Dirk Nowitzki is trying a radical new method in attempts to heal his ailing digit.
After boarding a late night flight out of Miami, so as not to draw media attention, Nowitzki spent twelve hours on the Bering Sea in Alaska on Wednesday. Under the supervision of seasoned Crab fishermen Sig Hansen and Jonathan Hillstrand, Nowitzki dangled like a crab pot over the frigid water, covered head to toe in an insulated suit. The only part of his 7 foot frame that was exposed was the middle finger on his left hand.
For twelve hours he submerged his torn ligament into the ice cold water for thirty minutes at a time. When not hanging a few feet off the deck, Dirk sat in the warmth of the cabin, rubbing crab semen on the finger. The Alaskans claim the ejaculate has mystical healing powers.

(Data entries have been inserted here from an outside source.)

(* In an orthogonal lub-complete poset every join and meet occurring in x \<rightarrow>K y exists,
   so x \<rightarrow>K y is never empty. Suppose x \<rightarrow>K y = 1 and let t = a \<or> b with a \<in> Max L(x',y)
   and b \<in> Max L(x',y'). Every u \<in> Min U(x',y) lies above t \<or> (x \<and> u) = 1, so
   Min U(x',y) = {1}; dually Max L(x,y') = {0}, i.e. x \<and> y' = 0. Taking u = 1 gives t \<or> x = 1,
   and since t \<le> x' paraorthomodularity yields t = x'. As a \<le> y, every common lower bound of
   b' and y' lies below t' = x and y', so b' \<and> y' = 0 and paraorthomodularity gives b = y',
   whence y' \<le> x'. Conversely, if x \<le> y and x' \<and> y = 0, then Max L(y',x') = {y'} and
   Min U(y',x) = {1}, so y \<rightarrow>K x = y' \<or> y = 1. Finally x \<rightarrow>N y = y' \<rightarrow>K x', and y' \<le> x'
   iff x \<le> y. *)

lemma is_join_unique: "is_join x y s \<Longrightarrow> is_join x y s' \<Longrightarrow> s = s'"
  unfolding is_join_def by (blast intro: order.antisym)

lemma is_join_le_iff: "is_join x y s \<Longrightarrow> s \<le> z \<longleftrightarrow> x \<le> z \<and> y \<le> z"
  unfolding is_join_def by (blast intro: order.trans)

lemma is_join_of_le: "x \<le> y \<Longrightarrow> is_join x y y"
  unfolding is_join_def by simp

lemma is_meet_top_iff: "is_meet (x::'a::order_top) top m \<longleftrightarrow> m = x"
  unfolding is_meet_def by (auto intro: order.antisym)

lemma is_meet_bot_iff: "is_meet (x::'a::order_bot) y bot \<longleftrightarrow> (\<forall>z. z \<le> x \<longrightarrow> z \<le> y \<longrightarrow> z = bot)"
  unfolding is_meet_def by (auto simp: bot_unique)

lemma MaxS_LC_pair_of_le: "x \<le> y \<Longrightarrow> MaxS (LC {x, y}) = {x}"
  unfolding MaxS_def LC_def by (auto intro: order.antisym)

lemma paraorthomodularD:
  fixes cmp :: "'a::{order_bot,order_top} \<Rightarrow> 'a"
  shows "paraorthomodular cmp \<Longrightarrow> x \<le> y \<Longrightarrow> is_meet (cmp x) y bot \<Longrightarrow> x = y"
  unfolding paraorthomodular_def by blast

lemma mem_impK_iff:
  "s \<in> impK cmp x y \<longleftrightarrow>
    (\<exists>a b t u m. a \<in> MaxS (LC {cmp x, y}) \<and> b \<in> MaxS (LC {cmp x, cmp y}) \<and> is_join a b t
      \<and> u \<in> MinS (UC {cmp x, y}) \<and> is_meet x u m \<and> is_join t m s)"
  unfolding impK_def set_join_def elem_meet_def by blast

locale involution_poset =
  fixes cmp :: "'a::{order_bot,order_top} \<Rightarrow> 'a"
  assumes antitone_involution: "antitone_involution cmp"
begin

lemma cmp_antimono: "x \<le> y \<Longrightarrow> cmp y \<le> cmp x"
  using antitone_involution unfolding antitone_involution_def by blast

lemma cmp_cmp [simp]: "cmp (cmp x) = x"
  using antitone_involution unfolding antitone_involution_def by blast

lemma cmp_le_cmp_iff [simp]: "cmp x \<le> cmp y \<longleftrightarrow> y \<le> x"
  by (metis cmp_antimono cmp_cmp)

lemma le_cmp_iff: "x \<le> cmp y \<longleftrightarrow> y \<le> cmp x"
  by (metis cmp_le_cmp_iff cmp_cmp)

lemma cmp_le_iff: "cmp x \<le> y \<longleftrightarrow> cmp y \<le> x"
  by (metis cmp_le_cmp_iff cmp_cmp)

lemma cmp_eq_iff [simp]: "cmp x = cmp y \<longleftrightarrow> x = y"
  by (metis cmp_cmp)

lemma cmp_bot [simp]: "cmp bot = top"
  by (metis cmp_le_cmp_iff top.extremum_uniqueI bot_least cmp_cmp)

lemma cmp_top [simp]: "cmp top = bot"
  by (metis cmp_bot cmp_cmp)

lemma cmp_eq_top_iff: "cmp x = top \<longleftrightarrow> x = bot"
  by (metis cmp_bot cmp_eq_iff)

lemma is_join_iff_is_meet_cmp: "is_join x y s \<longleftrightarrow> is_meet (cmp x) (cmp y) (cmp s)"
  unfolding is_join_def is_meet_def by (metis cmp_le_cmp_iff cmp_cmp)

lemma UC_image_cmp: "UC (cmp ` A) = cmp ` LC A"
proof (intro equalityI subsetI)
  fix u assume "u \<in> UC (cmp ` A)"
  then have "cmp u \<in> LC A"
    by (auto simp: UC_def LC_def cmp_le_iff)
  then show "u \<in> cmp ` LC A"
    by (metis cmp_cmp image_eqI)
qed (auto simp: UC_def LC_def)

lemma MinS_image_cmp: "MinS (cmp ` A) = cmp ` MaxS A"
  unfolding MinS_def MaxS_def by auto

lemma MinS_UC_pair: "MinS (UC {cmp x, y}) = cmp ` MaxS (LC {x, cmp y})"
  using UC_image_cmp[of "{x, cmp y}"] MinS_image_cmp by simp
lemma A4_lattice_integral:
  fixes K :: "complex \<Rightarrow> complex \<Rightarrow> complex" and P U V W :: "complex \<Rightarrow> complex" and Lq \<sigma>\<^sub>0 :: complex
  defines "s \<equiv> \<lambda>n::int. \<sigma>\<^sub>0 + of_int n * Lq"
  assumes kernel: "\<And>n. A4 Lq t1 t2 h1 h2 l1 l2 a1 a2 b (K (s n)) u
      = \<kappa> * (K (s n + Lq) u * U (s n + Lq) + K (s n - Lq) u * V (s n - Lq) + K (s n) u * W (s n))"
    and dual: "\<And>\<sigma>. U \<sigma> * P (\<sigma> - Lq) + (W \<sigma> - e) * P \<sigma> + V \<sigma> * P (\<sigma> + Lq) = 0"
    and KP: "\<And>v. lattice_summable Lq (\<lambda>\<sigma>. K \<sigma> v * P \<sigma>)"
    and KU: "lattice_summable Lq (\<lambda>\<sigma>. K \<sigma> u * U \<sigma> * P (\<sigma> - Lq))"
    and KV: "lattice_summable Lq (\<lambda>\<sigma>. K \<sigma> u * V \<sigma> * P (\<sigma> + Lq))"
  shows "A4 Lq t1 t2 h1 h2 l1 l2 a1 a2 b (\<lambda>v. \<Sum>\<^sub>\<infinity>n::int. K (s n) v * P (s n)) u
    = \<kappa> * e * (\<Sum>\<^sub>\<infinity>n::int. K (s n) u * P (s n))"
proof -
  have "A4 Lq t1 t2 h1 h2 l1 l2 a1 a2 b (\<lambda>v. \<Sum>\<^sub>\<infinity>n::int. K (s n) v * P (s n)) u
      = (\<Sum>\<^sub>\<infinity>n::int. A4 Lq t1 t2 h1 h2 l1 l2 a1 a2 b (\<lambda>v. K (s n) v * P (s n)) u)"
    using KP unfolding s_def by (intro A4_infsum) (auto intro: lattice_summableD)
  also have "\<dots> = \<kappa> * (\<Sum>\<^sub>\<infinity>n::int. (K (s n + Lq) u * U (s n + Lq) + K (s n - Lq) u * V (s n - Lq)
                            + K (s n) u * W (s n)) * P (s n))"
    unfolding A4_mult_const kernel by (simp add: infsum_cmult_right' mult.assoc)
  also have "\<dots> = \<kappa> * e * (\<Sum>\<^sub>\<infinity>n::int. K (s n) u * P (s n))"
    unfolding s_def using lattice_infsum_adjoint[OF dual KP KU KV] by simp
  finally show ?thesis .
qed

Nowitzki struck up a friendship with Hansen, a rabid basketball fan, a few years ago at a celebrity poker tournament where people said they looked like brothers. The stern Norwegian called Dirk after Game One imploring him to make the trip up to Alaska. At first he was reluctant, but after watching the footage of Lebron dunking all over his team, Nowitzki put in a call to Mark Cuban about borrowing his plane.
It remains to be seen if the unorthodox treatment will pay dividends, but anyone who has even smelled crab semen, or stuck a finger in the Bering Sea, knows that you cannot question Nowitzki’s commitment to winning.